Court of Appeals of Indiana.
Mar 18, 2015
31 N.E.3d 35 (Ind. App. 2015)

Opinion

No. 49A04–1406–CR–273.

03-18-2015

Patrick GREEN, Appellant–Defendant, v. STATE of Indiana, Appellee–Plaintiff.

Ruth Johnson, Marion County Public Defender Agency, Appellate Division, Timothy J. Burns Indianapolis, IN, Attorneys for Appellant. Gregory F. Zoeller, Attorney General of Indiana, Kenneth E. Biggins, Deputy Attorney General, Indianapolis, IN, Attorneys for Appellee.


Ruth Johnson, Marion County Public Defender Agency, Appellate Division, Timothy J. Burns Indianapolis, IN, Attorneys for Appellant.
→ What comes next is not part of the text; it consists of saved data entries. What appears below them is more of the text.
lemma count_ge_image_mset_le:
  "\<forall>x\<in>#A. f x \<le> x \<Longrightarrow> count_ge t (image_mset f A) \<le> count_ge t A"
  by (induction A) auto

lemma count_ge_split:
  "count_ge t {#x \<in># A. x < b#} + count_ge t {#x \<in># A. b \<le> x#} = count_ge t A"
  by (induction A) auto

lemma count_ge_sorted_list_of_multiset:
  "count_ge t A = length (filter ((\<le>) t) (sorted_list_of_multiset A))"
  by (metis count_ge_def mset_filter mset_sorted_list_of_multiset size_mset)

lemma length_filter_ge_mono:
  fixes xs ys :: "nat list"
  shows "list_all2 (\<le>) xs ys \<Longrightarrow> length (filter ((\<le>) t) xs) \<le> length (filter ((\<le>) t) ys)"
  by (induction rule: list_all2_induct) (auto intro: le_trans)

lemma length_filter_ge_nth_sorted:
  fixes xs :: "nat list"
  assumes "sorted xs" "i < length xs"
  shows "length xs - i \<le> length (filter ((\<le>) (xs ! i)) xs)"
proof -
  have "{i..<length xs} \<subseteq> {j. j < length xs \<and> xs ! i \<le> xs ! j}"
    using assms by (auto simp: sorted_iff_nth_mono)
  then have "card {i..<length xs} \<le> card {j. j < length xs \<and> xs ! i \<le> xs ! j}"
    by (intro card_mono) auto
  then show ?thesis by (simp add: length_filter_conv_card)
qed

lemma length_filter_ge_sorted_le:
  fixes ys :: "nat list"
  assumes "sorted ys" "i < length ys" "ys ! i < t"
  shows "length (filter ((\<le>) t) ys) \<le> length ys - Suc i"
proof -
  have "{j. j < length ys \<and> t \<le> ys ! j} \<subseteq> {Suc i..<length ys}"
  proof
    fix j assume j: "j \<in> {j. j < length ys \<and> t \<le> ys ! j}"
    have "\<not> j \<le> i"
    proof
      assume "j \<le> i"
      then have "ys ! j \<le> ys ! i" using assms(1,2) by (simp add: sorted_iff_nth_mono)
      then show False using assms(3) j by simp
    qed
    then show "j \<in> {Suc i..<length ys}" using j by auto
  qed
  then have "card {j. j < length ys \<and> t \<le> ys ! j} \<le> card {Suc i..<length ys}"
    by (intro card_mono) auto
  then show ?thesis by (simp add: length_filter_conv_card)
qed

lemma mset_le_iff_count_ge:
  "mset_le A B \<longleftrightarrow> size A = size B \<and> (\<forall>t. count_ge t A \<le> count_ge t B)"
proof
  assume "mset_le A B"
  then show "size A = size B \<and> (\<forall>t. count_ge t A \<le> count_ge t B)"
    by (simp add: mset_le_def count_ge_sorted_list_of_multiset length_filter_ge_mono)
next
  assume counts: "size A = size B \<and> (\<forall>t. count_ge t A \<le> count_ge t B)"
  define xs where "xs = sorted_list_of_multiset A"
  define ys where "ys = sorted_list_of_multiset B"
  have len: "length xs = length ys"
    using counts by (metis xs_def ys_def mset_sorted_list_of_multiset size_mset)
  have "xs ! i \<le> ys ! i" if i: "i < length xs" for i
  proof (rule ccontr)
    assume "\<not> xs ! i \<le> ys ! i"
    have "length xs - i \<le> length (filter ((\<le>) (xs ! i)) xs)"
      using i by (simp add: xs_def length_filter_ge_nth_sorted)
    also have "\<dots> \<le> length (filter ((\<le>) (xs ! i)) ys)"
      using counts by (simp add: xs_def ys_def flip: count_ge_sorted_list_of_multiset)
    also have "\<dots> \<le> length ys - Suc i"
      using i len \<open>\<not> xs ! i \<le> ys ! i\<close> by (intro length_filter_ge_sorted_le) (auto simp: ys_def)
    finally show False using i len by simp
  qed
  then show "mset_le A B"
    using counts len by (simp add: mset_le_def list_all2_conv_all_nth xs_def ys_def)
qed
Gregory F. Zoeller, Attorney General of Indiana, Kenneth E. Biggins, Deputy Attorney General, Indianapolis, IN, Attorneys for Appellee.

MEMORANDUM DECISION

KIRSCH, Judge.

[1] Following a bench trial, Patrick Green was convicted of animal cruelty, a Class A misdemeanor. He appeals raising two issues that we restate as:

See Ind.Code § 35–46–3–7(a)(1)(2). We note that, effective July 1, 2014, a new version of this statute was enacted, but because Green committed the offense in 2013, we will apply the statute in effect at that time.
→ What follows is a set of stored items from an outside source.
lemma weighted_strong_convexity_approx:
  assumes t: "t \<ge> 1" and \<theta>: "0 \<le> \<theta>" "\<theta> \<le> 1"
    and x: "random_point (t - 1) x" and y: "random_point (t - 1) y"
    and V: "bounded_weight (F (t - 1)) V"
  shows "(\<integral>\<omega>. V \<omega> * f t \<omega> (\<theta> *\<^sub>R approx x n \<omega> + (1 - \<theta>) *\<^sub>R approx y n \<omega>) \<partial>M)
     \<le> \<theta> * (\<integral>\<omega>. V \<omega> * f t \<omega> (approx x n \<omega>) \<partial>M) + (1 - \<theta>) * (\<integral>\<omega>. V \<omega> * f t \<omega> (approx y n \<omega>) \<partial>M)
        - \<alpha> / 2 * \<theta> * (1 - \<theta>) * (\<integral>\<omega>. V \<omega> * (N (approx x n \<omega> - approx y n \<omega>))\<^sup>2 \<partial>M)"
proof -
  define \<kappa> where "\<kappa> \<omega> = (nearest_index dense_seq (x \<omega>) n, nearest_index dense_seq (y \<omega>) n)" for \<omega>
  define I where "I = {..n} \<times> {..n}"
  define Vp where "Vp p \<omega> = (if \<kappa> \<omega> = p then V \<omega> else 0)" for p \<omega>
  define a where "a p = dense_seq (fst p)" for p :: "nat \<times> nat"
  define b where "b p = dense_seq (snd p)" for p :: "nat \<times> nat"
  have approx_\<kappa>: "approx x n \<omega> = a (\<kappa> \<omega>)" "approx y n \<omega> = b (\<kappa> \<omega>)" for \<omega>
    by (simp_all add: approx_def a_def b_def \<kappa>_def)
  have I: "finite I" "\<And>\<omega>. \<kappa> \<omega> \<in> I" by (auto simp: I_def \<kappa>_def nearest_index_le)
  have Vp: "bounded_weight (F (t - 1)) (Vp p)" for p
  proof -
    have "{\<omega> \<in> space (F (t - 1)). \<kappa> \<omega> = p}
        = {\<omega> \<in> space (F (t - 1)). nearest_index dense_seq (x \<omega>) n = fst p}
          \<inter> {\<omega> \<in> space (F (t - 1)). nearest_index dense_seq (y \<omega>) n = snd p}"
      by (auto simp: \<kappa>_def)
    also have "\<dots> \<in> sets (F (t - 1))"
      using measurable_approx_index[OF x] measurable_approx_index[OF y] by measurable
    finally show ?thesis unfolding Vp_def by (rule bounded_weight_restrict[OF V])
  qed
  have int_f: "integrable M (\<lambda>\<omega>. Vp p \<omega> * f t \<omega> z)" if "z \<in> H" for p z
    using integrable_bounded_weight_mult[OF subalgebra_F Vp f_integrable[OF t that]] .
  have int_N: "integrable M (\<lambda>\<omega>. Vp p \<omega> * c)" for p c
    using integrable_bounded_weight[OF subalgebra_F Vp] by simp
  have split: "(\<integral>\<omega>. V \<omega> * h (\<kappa> \<omega>) \<omega> \<partial>M) = (\<Sum>p\<in>I. \<integral>\<omega>. Vp p \<omega> * h p \<omega> \<partial>M)"
    if "\<And>p. integrable M (\<lambda>\<omega>. Vp p \<omega> * h p \<omega>)" for h
    unfolding Vp_def using I that[unfolded Vp_def] by (rule integral_split_finite_index)
  have H: "a p \<in> H" "b p \<in> H" "\<theta> *\<^sub>R a p + (1 - \<theta>) *\<^sub>R b p \<in> H" for p
    using dense_seq_in_H convex_H \<theta> by (auto simp: a_def b_def intro: convexD)
  have split_f: "(\<integral>\<omega>. V \<omega> * f t \<omega> (c (\<kappa> \<omega>)) \<partial>M) = (\<Sum>p\<in>I. \<integral>\<omega>. Vp p \<omega> * f t \<omega> (c p) \<partial>M)"
    if "\<And>p. c p \<in> H" for c
    using split[of "\<lambda>p \<omega>. f t \<omega> (c p)"] int_f[OF that] by simp
  have split_N: "(\<integral>\<omega>. V \<omega> * (N (a (\<kappa> \<omega>) - b (\<kappa> \<omega>)))\<^sup>2 \<partial>M)
      = (\<Sum>p\<in>I. \<integral>\<omega>. Vp p \<omega> * (N (a p - b p))\<^sup>2 \<partial>M)"
    using split[of "\<lambda>p \<omega>. (N (a p - b p))\<^sup>2"] int_N by simp
  have "(\<integral>\<omega>. V \<omega> * f t \<omega> (\<theta> *\<^sub>R approx x n \<omega> + (1 - \<theta>) *\<^sub>R approx y n \<omega>) \<partial>M)
      = (\<Sum>p\<in>I. \<integral>\<omega>. Vp p \<omega> * f t \<omega> (\<theta> *\<^sub>R a p + (1 - \<theta>) *\<^sub>R b p) \<partial>M)"
    unfolding approx_\<kappa> using split_f[of "\<lambda>p. \<theta> *\<^sub>R a p + (1 - \<theta>) *\<^sub>R b p"] H(3) by simp
  also have "\<dots> \<le> (\<Sum>p\<in>I. \<theta> * (\<integral>\<omega>. Vp p \<omega> * f t \<omega> (a p) \<partial>M) + (1 - \<theta>) * (\<integral>\<omega>. Vp p \<omega> * f t \<omega> (b p) \<partial>M)
        - \<alpha> / 2 * \<theta> * (1 - \<theta>) * (\<integral>\<omega>. Vp p \<omega> * (N (a p - b p))\<^sup>2 \<partial>M))"
    using weighted_strong_convexity[OF t H(1) H(2) \<theta> Vp] by (rule sum_mono)
  also have "\<dots> = \<theta> * (\<Sum>p\<in>I. \<integral>\<omega>. Vp p \<omega> * f t \<omega> (a p) \<partial>M) + (1 - \<theta>) * (\<Sum>p\<in>I. \<integral>\<omega>. Vp p \<omega> * f t \<omega> (b p) \<partial>M)
        - \<alpha> / 2 * \<theta> * (1 - \<theta>) * (\<Sum>p\<in>I. \<integral>\<omega>. Vp p \<omega> * (N (a p - b p))\<^sup>2 \<partial>M)"
    by (simp add: sum_distrib_left sum.distrib sum_subtractf)
  also have "\<dots> = \<theta> * (\<integral>\<omega>. V \<omega> * f t \<omega> (approx x n \<omega>) \<partial>M) + (1 - \<theta>) * (\<integral>\<omega>. V \<omega> * f t \<omega> (approx y n \<omega>) \<partial>M)
        - \<alpha> / 2 * \<theta> * (1 - \<theta>) * (\<integral>\<omega>. V \<omega> * (N (approx x n \<omega> - approx y n \<omega>))\<^sup>2 \<partial>M)"
    unfolding approx_\<kappa> split_N split_f[of a, OF H(1)] split_f[of b, OF H(2)] ..
  finally show ?thesis .
qed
I. Whether the trial court erred in admitting evidence obtained by the animal control officer at the scene; and

II. Whether the State presented sufficient evidence to convict Green.

[2] We affirm.

Facts and Procedural History

[3] On March 12, 2013, Indianapolis Animal Care and Control (“ACC”) Officer Michael Bonito was dispatched to Green's residence in Indianapolis to investigate possible animal neglect. Officer Bonito advised Green of the reason for his visit, and Green was cooperative and friendly, escorting Officer Bonito to the backyard of the residence to view two dogs. One dog, gray in color, appeared healthy. Officer Bonito observed another dog, a brown pit bull, housed separately in a chain-link enclosure area that contained a plastic igloo-shaped kennel. The brown dog was emaciated; its hips, spine, and ribs bones were clearly visible and protruding. The dog had an open, infected wound on each front leg; one wound was open down to the bone. The dog's ankle joints were swollen to twice their normal size. At least one front leg was broken, such that the foot was at an unnatural angle, and the dog could not walk. There was food and water about a foot and a half away from the dog. Officer Bonito observed a large amount of urine and feces inside the dog's kennel.
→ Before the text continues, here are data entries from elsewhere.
(* Let $h:\mathbb{R}\to\mathbb{R}$ be continuous and let $u_1,u_2$ be linearly independent real solutions of $u''(x)+h(x)u(x)=0$. (i) For any matrix in $GL(2,\mathbb{R})$, the pair of solutions obtained by applying it to $(u_1,u_2)$ is again linearly independent, so the action of $GL(2,\mathbb{R})$ on the span of the solutions induces (via the map of the context) a local isomorphism of the Poincaré upper half plane $\mathbb{H}$. (ii) For real constants $A,B$, not both zero, let $u(x)=Au_1(x)+Bu_2(x)$ and \[ Y(x,\varPhi)=\frac{\varPhi}{\varPhi^2[u(x)]^2+[u'(x)]^2}. \] Then $Y$ (depending on the two parameters $A,B$) is a complete integral of the partial differential equation \[ \left(\frac{\varPhi}{h(x)-\varPhi^{2}}\frac{\partial Y}{\partial x}(x,\varPhi)\right)^{2}+\left(\varPhi\frac{\partial Y}{\partial\varPhi}(x,\varPhi)\right)^{2}=Y^2(x,\varPhi) \] on $\{(x,\varPhi)\mid\varPhi>0,\ \varPhi^2\neq h(x)\}$.
   Context: For linearly independent solutions $v_1,v_2$ of $u''+hu=0$ with Wronskian $W=v_1'v_2-v_1v_2'$, the map $(x,\varPhi)\mapsto(X,Y)$, $X=X_0\pm W^{-1}\frac{\varPhi^2v_1v_2+v_1'v_2'}{\varPhi^2v_1^2+(v_1')^2}$, $Y=\frac{\varPhi}{\varPhi^2v_1^2+(v_1')^2}$, is a local diffeomorphism pulling back $g_{\mathbb{H}}=(dX^2+dY^2)/Y^2$ on $\{Y>0\}$ to $g_h=\left[(h(x)-\varPhi^2)^2dx^2+d\varPhi^2\right]/\varPhi^2$ on $\{\varPhi>0,\ \varPhi^2\neq h(x)\}$. *)

theory Defs
  imports "HOL-Analysis.Analysis"
begin

definition is_solution :: "(real \<Rightarrow> real) \<Rightarrow> (real \<Rightarrow> real) \<Rightarrow> bool" where
  "is_solution h u \<longleftrightarrow>
     (\<forall>x. (u has_real_derivative deriv u x) (at x)) \<and>
     (\<forall>x. (deriv u has_real_derivative (- h x * u x)) (at x))"

definition lin_indep2 :: "(real \<Rightarrow> real) \<Rightarrow> (real \<Rightarrow> real) \<Rightarrow> bool" where
  "lin_indep2 v1 v2 \<longleftrightarrow> (\<forall>a b. (\<forall>x. a * v1 x + b * v2 x = 0) \<longrightarrow> a = 0 \<and> b = 0)"

definition wronskian :: "(real \<Rightarrow> real) \<Rightarrow> (real \<Rightarrow> real) \<Rightarrow> real \<Rightarrow> real" where
  "wronskian v1 v2 x = deriv v1 x * v2 x - v1 x * deriv v2 x"

definition Psi :: "(real \<Rightarrow> real) \<Rightarrow> (real \<Rightarrow> real) \<Rightarrow> real \<Rightarrow> real \<Rightarrow> real \<times> real \<Rightarrow> real \<times> real" where
  "Psi v1 v2 X0 s p = (let x = fst p; \<Phi> = snd p;
      D = \<Phi>\<^sup>2 * (v1 x)\<^sup>2 + (deriv v1 x)\<^sup>2 in
      (X0 + s * (1 / wronskian v1 v2 x) * ((\<Phi>\<^sup>2 * v1 x * v2 x + deriv v1 x * deriv v2 x) / D),
       \<Phi> / D))"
[4] Green told Officer Bonito that his son, Kenneth Green (“Kenneth”) was the dog's owner. Kenneth had brought the dog to Green's home several weeks prior and asked Green to temporarily keep the dog at his house, while Kenneth moved residences. Green permitted him to leave the dog, but told Kenneth that he was responsible for taking care of it. Green tried to feed the dog once, but the dog bit him. Green had poor eyesight, but could see the dog at the back of the lot and was aware that it had wounds, believing them to have been caused by a raccoon attack. Green explained to Officer Bonito that he did not have the financial resources to take the dog to a veterinarian, but that he had called his son multiple times and told him to come and get the dog and take care of it, but Kenneth had not done so. Green telephoned Kenneth while Officer Bonito was at the residence, and Officer Bonito spoke to Kenneth.

[5] Eventually, Officer Bonito loaded the dog onto a piece of plywood and, with Green's assistance, loaded the dog into his truck to transport it to ACC. During this time, Kenneth arrived at the scene. Officer Bonito conversed with Kenneth and issued citations to him for the lack of “care and treatment, ... no rabies tags, no [ ] identification.” Tr. at 30.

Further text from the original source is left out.